← Back to context

Comment by throwaway2016a

7 years ago

> That is intentional.

It's funny you are so sure of this.

And you essentially just called me wrong without providing a use case. My statement was I couldn't think of a use case for them to do this intentionally and your statement does nothing to disprove that.

Hiding a video can and probably is just an "UPDATE videos SET visible=0 WHERE id=123" And it is extremely common to soft delete things for hard delete later in case the user made a mistake or law enforcement requests it or any number of reasons.

Especially in large distributed systems where things often need to happen asynchronously.

Not permanently deleting a soft delete file is not necessary intentional. Anyone who has ever worked on a large software project knows about backlog stories (say, hypothetically, "free up space from soft deleted videos") not being done for years because other priorities keep pre-empting them.

Similar reason when writing in a garbage collected programming language the memory isn't freed immediately.

Does that mean it was unintentional? Not necessarily but it certainly is plausible that it was unintentional.

Okay, so if it wasn't intentional how else could old videos still be in the system. Videos is not a new feature and the videos date back as far as 2008.

Facebook may be a bad player, but they have tons of talent working for them.

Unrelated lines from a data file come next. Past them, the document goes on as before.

lemma (in ring_endo) skew_code_gen_add:
  assumes "x \<in> skew_code_gen T n g" "y \<in> skew_code_gen T n g"
  shows "word_add x y \<in> skew_code_gen T n g"
proof -
  obtain r a c r' a' c' where
    x: "x = map (coeff r) [0..<n]" "degree r < n" "r = skew_mult T a g + skew_mult T c (xn1 n)" and
    y: "y = map (coeff r') [0..<n]" "degree r' < n" "r' = skew_mult T a' g + skew_mult T c' (xn1 n)"
    using assms unfolding skew_code_gen_def by blast
  have "map (coeff (r + r')) [0..<n] \<in> skew_code_gen T n g"
  proof (rule skew_code_genI)
    show "degree (r + r') < n" using x y degree_add_le_max[of r r'] by linarith
    show "r + r' = skew_mult T (a + a') g + skew_mult T (c + c') (xn1 n)"
      using x y by (simp add: skew_mult_add_left)
  qed
  moreover have "word_add x y = map (coeff (r + r')) [0..<n]"
    using x y by (intro nth_equalityI) auto
  ultimately show ?thesis by simp
qed

lemma (in ring_endo) skew_code_gen_scale:
  assumes "x \<in> skew_code_gen T n g"
  shows "word_scale k x \<in> skew_code_gen T n g"
proof -
  obtain r a c where
    x: "x = map (coeff r) [0..<n]" "degree r < n" "r = skew_mult T a g + skew_mult T c (xn1 n)"
    using assms unfolding skew_code_gen_def by blast
  have "map (coeff (smult k r)) [0..<n] \<in> skew_code_gen T n g"
  proof (rule skew_code_genI)
    show "degree (smult k r) < n" using x degree_smult_le[of k r] by linarith
    show "smult k r = skew_mult T (smult k a) g + skew_mult T (smult k c) (xn1 n)"
      using x by (simp add: skew_mult_smult_left smult_add_right)
  qed
  moreover have "word_scale k x = map (coeff (smult k r)) [0..<n]"
    using x by (intro nth_equalityI) auto
  ultimately show ?thesis by simp
qed

lemma (in ring_endo) linear_code_skew_code_gen:
  assumes "n > 0"
  shows "linear_code n (skew_code_gen T n g)"
proof -
  have "map (coeff 0) [0..<n] = replicate n 0" by (intro nth_equalityI) auto
  moreover have "map (coeff 0) [0..<n] \<in> skew_code_gen T n g"
    using skew_code_genI[of 0 n T 0 g 0] assms by simp
  ultimately have "replicate n 0 \<in> skew_code_gen T n g" by metis
  moreover have "skew_code_gen T n g \<subseteq> {x. length x = n}"
    unfolding skew_code_gen_def by auto
  ultimately show ?thesis
    unfolding linear_code_def using skew_code_gen_add skew_code_gen_scale by blast
qed
(* Let $\Gamma$ be a distance-regular graph with diameter $D\ge3$ and $a_1\ne0$. Let $\sigma_0,\dots,\sigma_D$ and $\rho_0,\dots,\rho_D$ be nontrivial pseudo cosine sequences forming a tight pair, with auxiliary parameter $\varepsilon$. Then for each $i$ with $1\le i\le D-1$ the following are equivalent: (i) $\sigma_{i-1}=\varepsilon\sigma_i$; (ii) $\sigma_{i+1}=\varepsilon\sigma_i$; (iii) $\sigma_{i-1}=\sigma_{i+1}$; (iv) $\rho_i=0$.
   Context: $\Gamma$ is a finite connected undirected graph without loops or multiple edges, distance-regular with diameter $D$, intersection numbers $a_i,b_i,c_i$ ($c_0=0$, $b_D=0$), valency $k$, $c_i+a_i+b_i=k$. For $\theta\in\mathbb{R}$ the pseudo cosine sequence for $\theta$ is the sequence of reals $\sigma_0,\dots,\sigma_D$ with $\sigma_0=1$ and $c_i\sigma_{i-1}+a_i\sigma_i+b_i\sigma_{i+1}=\theta\sigma_i$ for $0\le i\le D-1$; nontrivial means $\sigma_1\ne1$. Pseudo cosine sequences $\sigma_i$, $\rho_i$ form a tight pair if $(\sigma_i\rho_i)_{i=0}^D$ is a pseudo cosine sequence. For a tight pair of nontrivial pseudo cosine sequences, an auxiliary parameter is a real $\varepsilon$ with $\sigma_i\rho_i-\sigma_{i-1}\rho_{i-1}=\varepsilon(\sigma_{i-1}\rho_i-\sigma_i\rho_{i-1})$ for $1\le i\le D$. *)

theory Defs
  imports Complex_Main
begin

definition simple_graph :: "'a set \<Rightarrow> ('a \<Rightarrow> 'a \<Rightarrow> bool) \<Rightarrow> bool" where
  "simple_graph V E \<longleftrightarrow> finite V \<and> V \<noteq> {} \<and>
     (\<forall>x y. E x y \<longrightarrow> x \<in> V \<and> y \<in> V) \<and>
     (\<forall>x y. E x y \<longrightarrow> E y x) \<and> (\<forall>x. \<not> E x x)"

definition gdist :: "('a \<Rightarrow> 'a \<Rightarrow> bool) \<Rightarrow> 'a \<Rightarrow> 'a \<Rightarrow> nat" where
  "gdist E x y = (LEAST n. (E ^^ n) x y)"

definition connected_graph :: "'a set \<Rightarrow> ('a \<Rightarrow> 'a \<Rightarrow> bool) \<Rightarrow> bool" where
  "connected_graph V E \<longleftrightarrow> (\<forall>x\<in>V. \<forall>y\<in>V. \<exists>n. (E ^^ n) x y)"

definition diameter :: "'a set \<Rightarrow> ('a \<Rightarrow> 'a \<Rightarrow> bool) \<Rightarrow> nat" where
  "diameter V E = Max {gdist E x y | x y. x \<in> V \<and> y \<in> V}"

text \<open>Gamma = (V,E) is distance-regular with diameter D and intersection numbers
a_i, b_i, c_i (0 \<le> i \<le> D): for all x, y at distance i,
c_i = |Gamma_{i-1}(x) \<inter> Gamma(y)|, a_i = |Gamma_i(x) \<inter> Gamma(y)|,
b_i = |Gamma_{i+1}(x) \<inter> Gamma(y)|; with c_0 = 0 (and b_D = 0 automatically).\<close>
definition distance_regular ::
  "'a set \<Rightarrow> ('a \<Rightarrow> 'a \<Rightarrow> bool) \<Rightarrow> nat \<Rightarrow> (nat \<Rightarrow> nat) \<Rightarrow> (nat \<Rightarrow> nat) \<Rightarrow> (nat \<Rightarrow> nat) \<Rightarrow> bool" where
  "distance_regular V E D a b c \<longleftrightarrow>
     simple_graph V E \<and> connected_graph V E \<and> diameter V E = D \<and> c 0 = 0 \<and>
     (\<forall>x\<in>V. \<forall>y\<in>V. let i = gdist E x y in
        (i > 0 \<longrightarrow> c i = card {z\<in>V. gdist E x z = i - 1 \<and> E y z}) \<and>
        a i = card {z\<in>V. gdist E x z = i \<and> E y z} \<and>
        b i = card {z\<in>V. gdist E x z = i + 1 \<and> E y z})"

text \<open>Pseudo cosine sequence for theta (only the values sigma_0..sigma_D matter).\<close>
definition pseudo_cosine ::
  "nat \<Rightarrow> (nat \<Rightarrow> nat) \<Rightarrow> (nat \<Rightarrow> nat) \<Rightarrow> (nat \<Rightarrow> nat) \<Rightarrow> real \<Rightarrow> (nat \<Rightarrow> real) \<Rightarrow> bool" where
  "pseudo_cosine D a b c \<theta> \<sigma> \<longleftrightarrow> \<sigma> 0 = 1 \<and>
     (\<forall>i<D. (if i = 0 then 0 else real (c i) * \<sigma> (i - 1)) + real (a i) * \<sigma> i
             + real (b i) * \<sigma> (i + 1) = \<theta> * \<sigma> i)"

definition is_pseudo_cosine ::
  "nat \<Rightarrow> (nat \<Rightarrow> nat) \<Rightarrow> (nat \<Rightarrow> nat) \<Rightarrow> (nat \<Rightarrow> nat) \<Rightarrow> (nat \<Rightarrow> real) \<Rightarrow> bool" where
  "is_pseudo_cosine D a b c \<sigma> \<longleftrightarrow> (\<exists>\<theta>. pseudo_cosine D a b c \<theta> \<sigma>)"

definition nontrivial_pc ::
  "nat \<Rightarrow> (nat \<Rightarrow> nat) \<Rightarrow> (nat \<Rightarrow> nat) \<Rightarrow> (nat \<Rightarrow> nat) \<Rightarrow> (nat \<Rightarrow> real) \<Rightarrow> bool" where
  "nontrivial_pc D a b c \<sigma> \<longleftrightarrow> is_pseudo_cosine D a b c \<sigma> \<and> \<sigma> 1 \<noteq> 1"

definition tight_pair ::
  "nat \<Rightarrow> (nat \<Rightarrow> nat) \<Rightarrow> (nat \<Rightarrow> nat) \<Rightarrow> (nat \<Rightarrow> nat) \<Rightarrow> (nat \<Rightarrow> real) \<Rightarrow> (nat \<Rightarrow> real) \<Rightarrow> bool" where
  "tight_pair D a b c \<sigma> \<rho> \<longleftrightarrow> is_pseudo_cosine D a b c \<sigma> \<and> is_pseudo_cosine D a b c \<rho> \<and>
     is_pseudo_cosine D a b c (\<lambda>i. \<sigma> i * \<rho> i)"

definition auxiliary_parameter :: "nat \<Rightarrow> (nat \<Rightarrow> real) \<Rightarrow> (nat \<Rightarrow> real) \<Rightarrow> real \<Rightarrow> bool" where
  "auxiliary_parameter D \<sigma> \<rho> \<epsilon> \<longleftrightarrow>
     (\<forall>i\<in>{1..D}. \<sigma> i * \<rho> i - \<sigma> (i - 1) * \<rho> (i - 1) =
                 \<epsilon> * (\<sigma> (i - 1) * \<rho> i - \<sigma> i * \<rho> (i - 1)))"

end

theory Submission imports Defs begin

text \<open>Write \<open>k = b\<^sub>0\<close>; a pseudo cosine sequence for \<open>\<theta>\<close> has \<open>\<theta> = k \<sigma>\<^sub>1\<close>. The defining
  relation of \<open>\<epsilon>\<close> can be rearranged to
  \<open>\<rho>\<^sub>j (\<sigma>\<^sub>j - \<epsilon> \<sigma>\<^sub>j\<^sub>-\<^sub>1) = \<rho>\<^sub>j\<^sub>-\<^sub>1 (\<sigma>\<^sub>j\<^sub>-\<^sub>1 - \<epsilon> \<sigma>\<^sub>j)\<close>. Since a pseudo cosine sequence never
  has two consecutive zeros, this shows at once that (i) and (ii) are each equivalent to
  \<open>\<rho>\<^sub>i = 0\<close>, provided \<open>\<epsilon>\<^sup>2 \<noteq> 1\<close>. The value \<open>\<epsilon> = 1\<close> is ruled out by following the three
  recurrences (for \<open>\<sigma>\<close>, \<open>\<rho>\<close> and \<open>\<sigma>\<rho>\<close>) through \<open>j = 1, 2\<close>: they force \<open>\<rho>\<^sub>1 = -1\<close>,
  \<open>k \<sigma>\<^sub>1 = -1\<close>, \<open>\<rho>\<^sub>2 > 1\<close>, \<open>\<sigma>\<^sub>2 = \<sigma>\<^sub>1\<close>, \<open>\<sigma>\<^sub>3 > 0\<close>, \<open>\<rho>\<^sub>3 = -\<rho>\<^sub>2\<close> and finally
  \<open>c\<^sub>2 (1 - \<rho>\<^sub>2) = 2 a\<^sub>2 \<rho>\<^sub>2\<close>, whose sides have opposite signs; \<open>\<epsilon> = -1\<close> is the same case
  with \<open>\<sigma>\<close> and \<open>\<rho>\<close> swapped. For (iii): if \<open>\<rho>\<^sub>i \<noteq> 0\<close>, the rearranged relation at \<open>i\<close> and
  \<open>i + 1\<close> makes \<open>\<rho>\<close> symmetric about \<open>i\<close> together with \<open>\<sigma>\<close>; comparing the product of the
  recurrences of \<open>\<sigma>\<close> and \<open>\<rho>\<close> at \<open>i\<close> with that of \<open>\<sigma>\<rho>\<close> then gives
  \<open>a\<^sub>i k (\<sigma>\<^sub>1 - 1)(\<rho>\<^sub>1 - 1) \<sigma>\<^sub>i \<rho>\<^sub>i = 0\<close>, impossible because \<open>a\<^sub>1 \<noteq> 0\<close> implies \<open>a\<^sub>i \<noteq> 0\<close>
  and a pseudo cosine sequence symmetric about \<open>i\<close> cannot vanish at \<open>i\<close>.\<close>

lemma card_Collect_pos: "finite V \<Longrightarrow> w \<in> V \<Longrightarrow> P w \<Longrightarrow> 0 < card {z\<in>V. P z}"
  by (subst card_gt_0_iff) auto

locale connected_simple_graph =
  fixes V :: "'v set" and E :: "'v \<Rightarrow> 'v \<Rightarrow> bool"
  assumes simple: "simple_graph V E" and connected: "connected_graph V E"
begin

lemma finite_V: "finite V"
  and V_nonempty: "V \<noteq> {}"
  and adj_sym: "E x y \<Longrightarrow> E y x"
  and adj_irrefl: "\<not> E x x"
  and adj_in_V: "E x y \<Longrightarrow> x \<in> V" "E x y \<Longrightarrow> y \<in> V"
  using simple unfolding simple_graph_def by blast+
section \<open>Shellable iterated doublings\<close>

lemma facet_Eseq_twin:
  assumes valid: "valid_doubling_seq Cs" and i: "i < length Cs"
    and F: "F \<in> facets (order_complex (Eseq Cs))" and meets: "take i ` F \<inter> Cs ! i \<noteq> {}"
  shows "\<exists>u\<in>F. \<exists>v\<in>F. u \<noteq> v \<and> take i u = take i v \<and> take i u \<in> Cs ! i"
proof -
  let ?Q = "Eseq (take i Cs)"
  have valid_Suc: "valid_doubling_seq (take i Cs @ [Cs ! i])"
    using valid_doubling_seq_take[OF valid, of "Suc i"] i by (simp add: take_Suc_conv_app_nth)
  interpret doubling ?Q "Cs ! i" i
    using doubling_Eseq[OF valid_Suc] i by simp
  have "take (Suc i) ` F \<in> facets (order_complex (Eseq (take (Suc i) Cs)))"
    using facets_Eseq_take[OF valid, of "Suc i"] F i by (metis Suc_leI image_eqI)
  then have G: "take (Suc i) ` F \<in> facets (order_complex (double ?Q (Cs ! i)))"
    using i by (simp add: take_Suc_conv_app_nth Eseq_append_single)
  obtain f where f: "f \<in> F" "take i f \<in> Cs ! i"
    using meets by blast
  have "length f = length Cs"
    using f(1) facet_subset[OF F] length_Eseq[OF valid] by blast
  then have "take (Suc i) f = take i f @ [f ! i]"
    using i by (simp add: take_Suc_conv_app_nth)
  then have "take i f @ [f ! i] \<in> take (Suc i) ` F"
    using f(1) by (metis image_eqI)
  moreover have "finite ?Q"
    using finite_Eseq[OF valid_doubling_seq_take[OF valid]] .
  ultimately obtain x where x: "x \<in> Cs ! i" "x @ [False] \<in> take (Suc i) ` F" "x @ [True] \<in> take (Suc i) ` F"
    using facet_double_twin[OF _ G f(2)] by blast
  obtain u where u: "x @ [False] = take (Suc i) u" "u \<in> F"
    using x(2) by (rule imageE)
  obtain v where v: "x @ [True] = take (Suc i) v" "v \<in> F"
    using x(3) by (rule imageE)
  have "x \<in> ?Q"
    using x(1) C_subset_L by blast
  then have "length x = i"
    by (rule length_L)
  then have "take i u = x" "take i v = x"
    using arg_cong[OF u(1), of "take i"] arg_cong[OF v(1), of "take i"] by (simp_all add: min_def)
  moreover have "u \<noteq> v"
    using u(1) v(1) by (metis last_snoc)
  ultimately show ?thesis
    using x(1) by (intro bexI[OF _ u(2)] bexI[OF _ v(2)]) simp
qed
(* Let $G$ be an additive group and let $(X,\rho)$ be the $\mathbb R$-tree described below. Then $X$ is similarity homogeneous and not homogeneous. Moreover $X$ is a metric fibration with fibers $F_a=\{(f,a)\in X\}$, $a>0$.
   Context: A function on an interval $(\alpha,\beta)$ is piecewise constant from the left if for every $x$ there is $\varepsilon>0$ with $f$ constant on $[x-\varepsilon,x]$. $X$ is the set of pairs $(f,a_f)$, $a_f>0$ real, $f:(a_f,+\infty)\to G$ piecewise constant from the left with $f|_{(b_f,+\infty)}\equiv0$ for some $b_f\ge a_f$. Order: $(f,a_f)\preceq(g,a_g)$ iff $a_f\le a_g$ and $f|_{(a_g,+\infty)}=g$; any two elements $p,q$ have a supremum $p\vee q$. Metric: $\rho((f,a_f),(g,a_g))=|a_f-a_g|$ if the pairs are comparable, and $\rho(p,q)=\rho(p,p\vee q)+\rho(p\vee q,q)$ otherwise. A similarity with coefficient $k>0$ is a map with $\rho(F(x),F(y))=k\rho(x,y)$; $X$ is similarity homogeneous (resp. homogeneous) if its group of bijective similarities (resp. isometries) acts transitively. Two subsets $F_1,F_2$ are equidistant if for every $x_i\in F_i$ there is $x_j\in F_j$ ($j\ne i$) with $\rho(x_i,x_j)$ equal to the distance between $F_1$ and $F_2$. A metric fibration of $X$ is a partition of $X$ into closed subsets that are mutually isometric (with the induced metric) and pairwise equidistant. *)

theory Defs
  imports "HOL-Analysis.Analysis" "HOL-Library.Disjoint_Sets"
begin

text \<open>A point of X is a pair (f, a) with a > 0 and f : (a, +inf) -> G.
  Since HOL functions are total, f is represented by a total function
  real => 'g normalised to be 0 outside the domain (a, +inf), i.e. on (-inf, a].\<close>

type_synonym 'g pt = "(real \<Rightarrow> 'g) \<times> real"

definition pc_left :: "real \<Rightarrow> (real \<Rightarrow> 'g) \<Rightarrow> bool" where
  "pc_left a f \<longleftrightarrow> (\<forall>x>a. \<exists>\<epsilon>>0. \<forall>y. a < y \<and> x - \<epsilon> \<le> y \<and> y \<le> x \<longrightarrow> f y = f x)"

definition Xset :: "('g::ab_group_add) pt set" where
  "Xset = {(f, a). 0 < a \<and> pc_left a f \<and> (\<exists>b\<ge>a. \<forall>x>b. f x = 0) \<and> (\<forall>x\<le>a. f x = 0)}"

definition tle :: "('g::ab_group_add) pt \<Rightarrow> 'g pt \<Rightarrow> bool" where
  "tle p q \<longleftrightarrow> snd p \<le> snd q \<and> (\<forall>x>snd q. fst p x = fst q x)"
lemma card_permutes_hamming_id_le_mult_fact:
  assumes X: "X \<subseteq> {1..n}" and j: "j \<le> card X"
  shows "card {\<pi>. \<pi> permutes X \<and> hamming_id n \<pi> \<le> j} * fact (card X - j) \<le> fact (card X)"
proof -
  have fin: "finite X"
    using X finite_subset by blast
  let ?K = "{B. B \<subseteq> X \<and> card B = j}"
  have cover: "{\<pi>. \<pi> permutes X \<and> hamming_id n \<pi> \<le> j} \<subseteq> (\<Union>B\<in>?K. {\<pi>. \<pi> permutes B})"
  proof safe
    fix \<pi> assume \<pi>: "\<pi> permutes X" "hamming_id n \<pi> \<le> j"
    let ?M = "{i\<in>{1..n}. \<pi> i \<noteq> i}"
    have "?M \<subseteq> X"
      using permutes_not_in[OF \<pi>(1)] by auto
    moreover have "card ?M \<le> j"
      using \<pi>(2) unfolding hamming_id_def .
    ultimately obtain B where B: "?M \<subseteq> B" "B \<subseteq> X" "card B = j"
      using exists_subset_between[OF _ j _ fin] by blast
    have "\<pi> permutes B"
    proof (rule permutes_superset[OF \<pi>(1)])
      fix i assume "i \<in> X - B"
      with X B(1) show "\<pi> i = i"
        by blast
    qed
    with B show "\<pi> \<in> (\<Union>B\<in>?K. {\<pi>. \<pi> permutes B})"
      by auto
  qed
  have K: "finite ?K"
    using fin by simp
  have "card {\<pi>. \<pi> permutes X \<and> hamming_id n \<pi> \<le> j} \<le> card (\<Union>B\<in>?K. {\<pi>. \<pi> permutes B})"
    using cover by (rule card_mono[rotated])
      (use K fin in \<open>auto intro!: finite_permutations intro: finite_subset\<close>)
  also have "\<dots> \<le> (\<Sum>B\<in>?K. card {\<pi>. \<pi> permutes B})"
    using K by (rule card_UN_le)
  also have "\<dots> = (\<Sum>B\<in>?K. fact j)"
    by (intro sum.cong refl) (auto simp: card_permutations finite_subset[OF _ fin])
  also have "\<dots> = (card X choose j) * fact j"
    using n_subsets[OF fin] by simp
  finally have "card {\<pi>. \<pi> permutes X \<and> hamming_id n \<pi> \<le> j} * fact (card X - j)
      \<le> (card X choose j) * fact j * fact (card X - j)"
    by (rule mult_le_mono1)
  also have "\<dots> = fact (card X)"
    using binomial_fact_lemma[OF j] by (simp add: mult_ac)
  finally show ?thesis .
qed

Are you seriously suggesting that they stored a decade worth of videos that never saw a single view/download and nobody there realized it?

  • I'm not on Facebook's side here but if you have to consider deletes in a large storage system then you have to consider fragmentation. I implemented a storage system similar to Facebook's Haystack (which they use for photos and videos) and did exactly the same - mark the replaced or deleted object as such and ignore it until a separate process compacts the stack.

    Compaction means copying huge quantities of data around and re-indexing everything in a particular stack, while at the same time maintaining good read performance. It's an expensive operation and not worth it unless you desperately need to reclaim space.

    The alternative is to overwrite deleted content, but that carries a performance cost because new files may need breaking up to fit into smaller gaps left by deleted files, leading to IO devices spending more time seeking per-object. Defragmenting such a scheme is even more expensive than compacting a haystack-style scheme.

    So yes - the system may not actually destroy the bytes on disk by design. However, it should not report those objects as still being available to layers above it since doing so may lead to inconsistency. This leads me to believe that nothing was actually even marked as deleted, it was simply never "published".